Task instructions
Reproduce the listing below exactly, from its first line down to and including the line with "- 1/2) *\<^sub>R".

Input data
┌────────
definition small_values_small_pvar :: "real \<Rightarrow> (real \<Rightarrow> 'a::real_normed_vector) \<Rightarrow> bool" where
  "small_values_small_pvar p f \<longleftrightarrow>
     (\<forall>\<epsilon>>0. \<exists>\<delta>>0. \<forall>(x :: nat \<Rightarrow> real) (m :: nat).
        (\<forall>j\<in>{1..m}. 0 \<le> x j \<and> x j \<le> 1) \<and> (\<forall>j. 1 \<le> j \<and> j < m \<longrightarrow> x j < x (Suc j)) \<and>
        (\<forall>j\<in>{1..m}. norm (f (x j)) < \<delta>)
        \<longrightarrow> (\<Sum>j=1..m-1. norm (f (x (Suc j)) - f (x j)) powr p) powr (1 / p) < \<epsilon>)"

end

theory Submission
  imports Defs
begin

text \<open>Suppose small values did not force small \<open>p\<close>-variation. Then for some \<open>e > 0\<close> and every
  \<open>\<delta> > 0\<close> there is a chain of points of \<open>[0,1]\<close> at which \<open>|f| < \<delta>\<close> and whose \<open>p\<close>-variation sum is
  at least \<open>e\<close>. Merge such a chain \<open>A\<close> with a chain \<open>B\<close> on which \<open>|f|\<close> is so much smaller that
  the \<open>O(#A)\<close> steps of \<open>B\<close> broken by the points of \<open>A\<close> are negligible. Every step of \<open>A\<close> either
  survives in the merged chain or is bridged through the first and last point of \<open>B\<close> in between,
  where \<open>f\<close> is tiny, and by convexity of \<open>t \<mapsto> t\<^sup>p\<close> these bridges recover the fraction \<open>4\<^sup>1\<^sup>-\<^sup>p\<close>
  of it. So the merged chain beats \<open>B\<close> by a fixed amount, and iterating gives chains with
  unbounded sums, contradicting \<open>Var\<^sub>p f < \<infinity>\<close>.\<close>

lemma powr_add_le_two_powr:
  fixes x y p :: real
  assumes "0 \<le> x" "0 \<le> y" "1 \<le> p"
  shows "(x + y) powr p \<le> 2 powr (p - 1) * (x powr p + y powr p)"
proof (cases "x = 0 \<or> y = 0")
  case True
  have "1 \<le> 2 powr (p - 1)" using assms by (intro ge_one_powr_ge_zero) auto
  then have "z powr p \<le> 2 powr (p - 1) * z powr p" for z :: real
    using mult_right_mono[of 1 "2 powr (p - 1)" "z powr p"] by simp
  then show ?thesis using True by auto
next
  case False
  with assms have pos: "0 < x" "0 < y" by auto
  have "((1 - 1/2) *\<^sub>R x + (1/2) *\<^sub>R y) powr p \<le> (1 - 1/2) * x powr p + (1/2) * y powr p"
    by (rule convex_onD[OF powr_convex[OF assms(3)]]) (use pos in auto)
  then have mid: "((x + y) / 2) powr p \<le> (x powr p + y powr p) / 2"
    by (simp add: field_simps)
  have "(x + y) powr p = (2 * ((x + y) / 2)) powr p"
    by (rule arg_cong[where f = "\<lambda>z. z powr p"]) simp
  also have "\<dots> = 2 powr p * ((x + y) / 2) powr p"
    using pos by (subst powr_mult) auto
  also have "\<dots> \<le> 2 powr p * ((x powr p + y powr p) / 2)"
    using mid by simp
  also have "\<dots> = 2 powr (p - 1) * (x powr p + y powr p)"
    by (simp add: powr_diff)
  finally show ?thesis .
qed

lemma norm_diff_powr_le:
  fixes u v :: "'a::real_normed_vector"
  assumes "norm u < \<delta>" "norm v < \<delta>" "0 \<le> p"
  shows "norm (v - u) powr p \<le> (2 * \<delta>) powr p"
proof -
  have "norm (v - u) \<le> norm v + norm u" by (rule norm_triangle_ineq4)
  with assms show ?thesis by (intro powr_mono2) auto
qed

lemma norm_diff_powr_le_detour:
  fixes u u' v v' :: "'a::real_normed_vector"
  assumes p: "1 \<le> p" and small: "norm v < \<delta>" "norm v' < \<delta>"
  shows "norm (u' - u) powr p / (2 powr (p - 1))\<^sup>2
           \<le> norm (v - u) powr p + norm (u' - v') powr p + (2 * \<delta>) powr p"
proof -
  define K where "K = 2 powr (p - 1)"
  have K: "1 \<le> K" unfolding K_def using p by (intro ge_one_powr_ge_zero) auto
  have "norm (u' - u) \<le> norm (v - u) + (norm (v' - v) + norm (u' - v'))"
    using norm_triangle_ineq[of "v - u" "(v' - v) + (u' - v')"]
      norm_triangle_ineq[of "v' - v" "u' - v'"] by simp
  then have "norm (u' - u) powr p \<le> (norm (v - u) + (norm (v' - v) + norm (u' - v'))) powr p"
    using p by (intro powr_mono2) auto
  also have "\<dots> \<le> K * (norm (v - u) powr p + (norm (v' - v) + norm (u' - v')) powr p)"
    unfolding K_def using p by (intro powr_add_le_two_powr) auto
  also have "\<dots> \<le> K * (norm (v - u) powr p + K * (norm (v' - v) powr p + norm (u' - v') powr p))"
    unfolding K_def using p by (intro mult_left_mono add_left_mono powr_add_le_two_powr) auto
  also have "\<dots> \<le> K\<^sup>2 * (norm (v - u) powr p + norm (v' - v) powr p + norm (u' - v') powr p)"
    using K mult_right_mono[of K "K * K" "norm (v - u) powr p"] mult_right_mono[of 1 K K]
    by (simp add: power2_eq_square algebra_simps)
  also have "\<dots> \<le> K\<^sup>2 * (norm (v - u) powr p + (2 * \<delta>) powr p + norm (u' - v') powr p)"
    using small p by (intro mult_left_mono add_right_mono add_left_mono norm_diff_powr_le) auto
  finally show ?thesis using K unfolding K_def[symmetric] by (simp add: field_simps)
qed

fun chain_pvar :: "real \<Rightarrow> (real \<Rightarrow> 'a::real_normed_vector) \<Rightarrow> real list \<Rightarrow> real" where
  "chain_pvar p f (x # y # xs) = norm (f y - f x) powr p + chain_pvar p f (y # xs)"
| "chain_pvar p f _ = 0"

lemma chain_pvar_conv_sum:
  "chain_pvar p f xs = (\<Sum>i<length xs - 1. norm (f (xs ! Suc i) - f (xs ! i)) powr p)"
  by (induction p f xs rule: chain_pvar.induct) (simp_all add: sum.lessThan_Suc_shift del: sum.lessThan_Suc)

lemma chain_pvar_append:
  "chain_pvar p f (xs @ ys) = chain_pvar p f xs + chain_pvar p f ys +
     (if xs = [] \<or> ys = [] then 0 else norm (f (hd ys) - f (last xs)) powr p)"
proof (induction xs)
  case (Cons x xs)
  then show ?case by (cases xs; cases ys) auto
qed simp

lemma chain_pvar_append_ge: "chain_pvar p f xs + chain_pvar p f ys \<le> chain_pvar p f (xs @ ys)"
  by (simp add: chain_pvar_append)

lemma chain_pvar_Cons_ge: "chain_pvar p f ys \<le> chain_pvar p f (x # ys)"
  using chain_pvar_append_ge[of p f "[x]" ys] by simp

lemma chain_pvar_append_le:
  assumes "0 \<le> p" "\<forall>z\<in>set (xs @ ys). norm (f z) < \<delta>"
  shows "chain_pvar p f (xs @ ys) \<le> chain_pvar p f xs + chain_pvar p f ys + (2 * \<delta>) powr p"
  using assms by (auto simp: chain_pvar_append intro!: norm_diff_powr_le)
└────────
Final answer
definition small_values_small_pvar :: "real \<Rightarrow> (real \<Rightarrow> 'a::real_normed_vector) \<Rightarrow> bool" where
  "small_values_small_pvar p f \<longleftrightarrow>
     (\<forall>\<epsilon>>0. \<exists>\<delta>>0. \<forall>(x :: nat \<Rightarrow> real) (m :: nat).
        (\<forall>j\<in>{1..m}. 0 \<le> x j \<and> x j \<le> 1) \<and> (\<forall>j. 1 \<le> j \<and> j < m \<longrightarrow> x j < x (Suc j)) \<and>
        (\<forall>j\<in>{1..m}. norm (f (x j)) < \<delta>)
        \<longrightarrow> (\<Sum>j=1..m-1. norm (f (x (Suc j)) - f (x j)) powr p) powr (1 / p) < \<epsilon>)"

end

theory Submission
  imports Defs
begin

text \<open>Suppose small values did not force small \<open>p\<close>-variation. Then for some \<open>e > 0\<close> and every
  \<open>\<delta> > 0\<close> there is a chain of points of \<open>[0,1]\<close> at which \<open>|f| < \<delta>\<close> and whose \<open>p\<close>-variation sum is
  at least \<open>e\<close>. Merge such a chain \<open>A\<close> with a chain \<open>B\<close> on which \<open>|f|\<close> is so much smaller that
  the \<open>O(#A)\<close> steps of \<open>B\<close> broken by the points of \<open>A\<close> are negligible. Every step of \<open>A\<close> either
  survives in the merged chain or is bridged through the first and last point of \<open>B\<close> in between,
  where \<open>f\<close> is tiny, and by convexity of \<open>t \<mapsto> t\<^sup>p\<close> these bridges recover the fraction \<open>4\<^sup>1\<^sup>-\<^sup>p\<close>
  of it. So the merged chain beats \<open>B\<close> by a fixed amount, and iterating gives chains with
  unbounded sums, contradicting \<open>Var\<^sub>p f < \<infinity>\<close>.\<close>

lemma powr_add_le_two_powr:
  fixes x y p :: real
  assumes "0 \<le> x" "0 \<le> y" "1 \<le> p"
  shows "(x + y) powr p \<le> 2 powr (p - 1) * (x powr p + y powr p)"
proof (cases "x = 0 \<or> y = 0")
  case True
  have "1 \<le> 2 powr (p - 1)" using assms by (intro ge_one_powr_ge_zero) auto
  then have "z powr p \<le> 2 powr (p - 1) * z powr p" for z :: real
    using mult_right_mono[of 1 "2 powr (p - 1)" "z powr p"] by simp
  then show ?thesis using True by auto
next
  case False
  with assms have pos: "0 < x" "0 < y" by auto
  have "((1 - 1/2) *\<^sub>R x + (1/2) *\<^sub>R y) powr p \<le> (1 - 1/2) * x powr p + (1/2) * y powr p"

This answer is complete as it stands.